An ETF is like a mutual fund that trades on an exchange. In its simplest form, an ETF is an investment fund that holds a basket of stocks or bonds and trades like a stock on a stock exchange, replicating an underlying index such as the S&P BSE Sensex. The first ETFs provided a way to buy and sell an investment fund that tracked an index.


The government of India is reducing its holding in 10 public sector undertakings (PSUs) by creating an ETF comprising the stocks of the companies. The ETF route could provide a cost effective way for the retail investors to own a part of the PSUs without having to own the company's stock and monitor the same like a professional investor.


The biggest advantage of ETFs is that they are also transparent, publishing their holdings daily, which means investors know what their positions are and because they trade on an exchange, investors can easily re-adjust their portfolios.

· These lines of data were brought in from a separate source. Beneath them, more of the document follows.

lemma homothety_class_psmul:
  assumes "c \<noteq> 0"
  shows "homothety_class (psmul c ` L) = homothety_class L"
proof (intro equalityI subsetI)
  fix M assume "M \<in> homothety_class (psmul c ` L)"
  then obtain d where "d \<noteq> 0" "M = psmul d ` psmul c ` L" by (auto simp: homothety_class_def)
  moreover from this have "M = psmul (d * c) ` L" "d * c \<noteq> 0" using assms by simp_all
  ultimately show "M \<in> homothety_class L" unfolding homothety_class_def by blast
next
  fix M assume "M \<in> homothety_class L"
  then obtain d where "d \<noteq> 0" "M = psmul d ` L" by (auto simp: homothety_class_def)
  moreover from this have "M = psmul (d / c) ` psmul c ` L" "d / c \<noteq> 0" using assms by simp_all
  ultimately show "M \<in> homothety_class (psmul c ` L)" unfolding homothety_class_def by blast
qed

lemma image_homothety_class:
  assumes "\<And>c x. f (psmul c x) = psmul c (f x)"
  shows "(\<lambda>L. f ` L) ` homothety_class L = homothety_class (f ` L)"
proof -
  have "f ` psmul c ` L = psmul c ` f ` L" for c by (simp add: image_image assms)
  then show ?thesis unfolding homothety_class_def by blast
qed

section \<open>Discretely valued fields\<close>

locale valued_field =
  fixes v :: "'k::field \<Rightarrow> int"
  assumes discrete_valuation: "discrete_valuation v"
begin

lemma v_mult: "x \<noteq> 0 \<Longrightarrow> y \<noteq> 0 \<Longrightarrow> v (x * y) = v x + v y"
  using discrete_valuation unfolding discrete_valuation_def by blast

lemma v_add_ge: "x \<noteq> 0 \<Longrightarrow> y \<noteq> 0 \<Longrightarrow> x + y \<noteq> 0 \<Longrightarrow> min (v x) (v y) \<le> v (x + y)"
  using discrete_valuation unfolding discrete_valuation_def
  by (elim conjE) (erule allE, erule allE, erule mp, simp)

lemma v_surj:
  obtains x where "x \<noteq> 0" "v x = n"
proof -
  have "n \<in> v ` (UNIV - {0})" using discrete_valuation unfolding discrete_valuation_def by auto
  then show ?thesis using that by blast
qed

lemma v_one [simp]: "v 1 = 0"
  using v_mult[of 1 1] by simp

lemma v_inverse: "x \<noteq> 0 \<Longrightarrow> v (inverse x) = - v x"
  using v_mult[of x "inverse x"] by simp

lemma v_divide: "x \<noteq> 0 \<Longrightarrow> y \<noteq> 0 \<Longrightarrow> v (x / y) = v x - v y"
  by (simp add: divide_inverse v_mult v_inverse)

lemma v_minus [simp]: "v (- x) = v x"
proof -
  have "v (-1) = 0" using v_mult[of "-1" "-1"] by simp
  then show ?thesis using v_mult[of "-1" x] by (cases "x = 0") simp_all
qed

text \<open>As \<open>v 0\<close> is unspecified, \<open>0\<close> is admitted explicitly; \<open>val_ge n\<close> is the ideal \<open>m\<^sub>v\<^sup>n\<close>.\<close>
definition val_ge :: "int \<Rightarrow> 'k \<Rightarrow> bool" where
  "val_ge n x \<longleftrightarrow> x = 0 \<or> n \<le> v x"

lemma val_ge_0 [simp]: "val_ge n 0"
  by (simp add: val_ge_def)

lemma val_ge_one [simp]: "val_ge n 1 \<longleftrightarrow> n \<le> 0"
  by (simp add: val_ge_def)

lemma val_ge_self: "val_ge (v x) x"
  by (simp add: val_ge_def)

lemma val_ge_add: "val_ge n (x + y)" if "val_ge n x" "val_ge n y"
proof (cases "x = 0 \<or> y = 0 \<or> x + y = 0")
  case False
  then show ?thesis using v_add_ge[of x y] that by (auto simp: val_ge_def)
qed (use that in \<open>auto simp: val_ge_def\<close>)

lemma val_ge_minus [simp]: "val_ge n (- x) \<longleftrightarrow> val_ge n x"
  by (simp add: val_ge_def)

lemma val_ge_diff: "val_ge n x \<Longrightarrow> val_ge n y \<Longrightarrow> val_ge n (x - y)"
  using val_ge_add[of n x "- y"] by (simp del: val_ge_minus add: val_ge_def)

lemma val_ge_commute: "val_ge n (x - y) \<longleftrightarrow> val_ge n (y - x)"
  unfolding val_ge_def by (metis minus_diff_eq v_minus eq_iff_diff_eq_0)

lemma val_ge_mono: "val_ge n x \<Longrightarrow> m \<le> n \<Longrightarrow> val_ge m x"
  by (auto simp: val_ge_def)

Furthermore, ETFs allow exposure to a variety of different asset classes, geographies, sectors and strategies in a more liquid and efficient manner. They also provide exposure to asset classes that are normally difficult to access, example commodities and private equity. ETFs act as a compliment to broader asset allocation strategies providing efficient tools for diversification.


From an Indian ETF perspective, we are entering the 13th year since the first ETF and there are now 39 ETFs, with 39 listings, assets of $2 billion from 15 providers on two exchanges. There is a growing desire to enhance the education and utilization of ETFs both within India for domestic investors and for international investors looking for Indian exposure. Historically, gold products have dominated the domestic ETF market, but the recent initiatives such as the PSU ETF, which is designed to provide investor access to state-owned companies, to the abolition of commissions to the insurance regulator (IRDA) recently allowing investment in ETFs, are all positive moves that potentially will provide the catalyst for increased uptake of equity ETFs.


The global ETF market has been a “20 year” overnight success, and so patience is the key. But coupled with these recent initiatives, there is hope for the Indian ETF market to grow.
This year sees the 21st anniversary of the launch of what is commonly accepted as the first ETF, SPY tracking the S&P 500 index, which is also the largest with assets under management at the end of 2012 of almost $175 billion.


The past 21 years have seen the ETF market grow in terms of assets, number of products, types of exposures and geographical presence. Since that time, ETFs have evolved into more sophisticated investments such as leveraged and inverse versions of the underlying index.